(* Let $\delta\in(0,1)$, $t\ge0$ and $\boldsymbol{x}\in\mathcal{X}$. Then, with probability at least $1-\delta$ (with respect to $f_t$ distributed as the Gaussian process posterior), $$|p_{t,\boldsymbol{x}}-\mu_t^{(p)}(\boldsymbol{x})|<\delta^{-1/2}\gamma_t(\boldsymbol{x}).$$
   Context: $\mathcal{D}\subset\mathbb{R}^d$ is compact, $\mathcal{X}\subset\mathcal{D}$ finite, $h\in\mathbb{R}$ a threshold, and for each $\boldsymbol{x}\in\mathcal{X}$, $g(\cdot\mid\boldsymbol{\theta}_{\boldsymbol{x}})$ is a probability density on $\mathcal{D}$. An unknown $f:\mathcal{D}\to\mathbb{R}$ has Gaussian process prior $\mathcal{GP}(0,k)$ and, after observing data $\{(\boldsymbol{s}_j,y_j)\}_{j=1}^t$ with $y_j=f(\boldsymbol{s}_j)+$ independent $\mathcal{N}(0,\sigma^2)$ noise, $f_t$ denotes a random function distributed according to the GP posterior, with posterior mean $\mu_t$ and variance $\sigma_t^2$. Define $p_{t,\boldsymbol{x}}=\int_{\mathcal{D}}\mathbf{1}[f_t(\boldsymbol{s})<h]\,g(\boldsymbol{s}\mid\boldsymbol{\theta}_{\boldsymbol{x}})\,d\boldsymbol{s}$, $\Phi_{\boldsymbol{s}}=\Phi((h-\mu_t(\boldsymbol{s}))/\sigma_t(\boldsymbol{s}))$ with $\Phi$ the standard normal cdf, $\mu_t^{(p)}(\boldsymbol{x})=\mathbb{E}[p_{t,\boldsymbol{x}}]=\int_{\mathcal{D}}\Phi_{\boldsymbol{s}}\,g(\boldsymbol{s}\mid\boldsymbol{\theta}_{\boldsymbol{x}})d\boldsymbol{s}$ and $\gamma_t^2(\boldsymbol{x})=\int_{\mathcal{D}}\mathrm{Var}[\mathbf{1}[f_t(\boldsymbol{s})<h]]\,g(\boldsymbol{s}\mid\boldsymbol{\theta}_{\boldsymbol{x}})d\boldsymbol{s}=\int_{\mathcal{D}}\Phi_{\boldsymbol{s}}(1-\Phi_{\boldsymbol{s}})\,g(\boldsymbol{s}\mid\boldsymbol{\theta}_{\boldsymbol{x}})d\boldsymbol{s}$. *)

theory Defs
  imports "HOL-Probability.Probability"
begin

definition Phi :: "real \<Rightarrow> real" where
  "Phi z = measure (density lborel (\<lambda>x. ennreal (std_normal_density x))) {..z}"

definition psd_kernel :: "'a set \<Rightarrow> ('a \<Rightarrow> 'a \<Rightarrow> real) \<Rightarrow> bool" where
  "psd_kernel D k \<longleftrightarrow> (\<forall>s\<in>D. \<forall>s'\<in>D. k s s' = k s' s) \<and>
     (\<forall>ss cs. set ss \<subseteq> D \<longrightarrow> length cs = length ss \<longrightarrow>
        0 \<le> (\<Sum>i<length ss. \<Sum>j<length ss. cs!i * cs!j * k (ss!i) (ss!j)))"

text \<open>The vector a = (K + noise * I)^{-1} v, with K the Gram matrix of the data points ss.\<close>
definition gp_solve :: "('a \<Rightarrow> 'a \<Rightarrow> real) \<Rightarrow> real \<Rightarrow> 'a list \<Rightarrow> (nat \<Rightarrow> real) \<Rightarrow> nat \<Rightarrow> real" where
  "gp_solve k noise ss v = (THE a. (\<forall>j\<ge>length ss. a j = 0) \<and>
     (\<forall>i<length ss. (\<Sum>j<length ss. (k (ss!i) (ss!j) + (if i = j then noise else 0)) * a j) = v i))"

definition post_mean :: "('a \<Rightarrow> 'a \<Rightarrow> real) \<Rightarrow> real \<Rightarrow> 'a list \<Rightarrow> real list \<Rightarrow> 'a \<Rightarrow> real" where
  "post_mean k noise ss ys s = (\<Sum>i<length ss. k s (ss!i) * gp_solve k noise ss (\<lambda>i. ys!i) i)"

definition post_cov :: "('a \<Rightarrow> 'a \<Rightarrow> real) \<Rightarrow> real \<Rightarrow> 'a list \<Rightarrow> 'a \<Rightarrow> 'a \<Rightarrow> real" where
  "post_cov k noise ss s s' = k s s' - (\<Sum>i<length ss. k s (ss!i) * gp_solve k noise ss (\<lambda>i. k (ss!i) s') i)"

definition gaussian_rv :: "'w measure \<Rightarrow> ('w \<Rightarrow> real) \<Rightarrow> real \<Rightarrow> real \<Rightarrow> bool" where
  "gaussian_rv M X m v \<longleftrightarrow> X \<in> borel_measurable M \<and>
     (if v = 0 then (AE \<omega> in M. X \<omega> = m)
      else 0 < v \<and> distributed M lborel X (\<lambda>x. ennreal (normal_density m (sqrt v) x)))"

definition gaussian_process :: "'w measure \<Rightarrow> 'a set \<Rightarrow> ('w \<Rightarrow> 'a \<Rightarrow> real) \<Rightarrow> ('a \<Rightarrow> real) \<Rightarrow> ('a \<Rightarrow> 'a \<Rightarrow> real) \<Rightarrow> bool" where
  "gaussian_process M D F m C \<longleftrightarrow> prob_space M \<and>
     (\<forall>ss cs. set ss \<subseteq> D \<longrightarrow> length cs = length ss \<longrightarrow>
        gaussian_rv M (\<lambda>\<omega>. \<Sum>i<length ss. cs!i * F \<omega> (ss!i))
          (\<Sum>i<length ss. cs!i * m (ss!i))
          (\<Sum>i<length ss. \<Sum>j<length ss. cs!i * cs!j * C (ss!i) (ss!j)))"

end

- _REQUIRED WORK_
Reprint exactly the lines above that start at the one with "borel_measurable M \<and>" and end at the one with "else 0 < v \<and>", keeping both and adding none.

- _RESPONSE AREA_
  "gaussian_rv M X m v \<longleftrightarrow> X \<in> borel_measurable M \<and>
     (if v = 0 then (AE \<omega> in M. X \<omega> = m)
      else 0 < v \<and> distributed M lborel X (\<lambda>x. ennreal (normal_density m (sqrt v) x)))"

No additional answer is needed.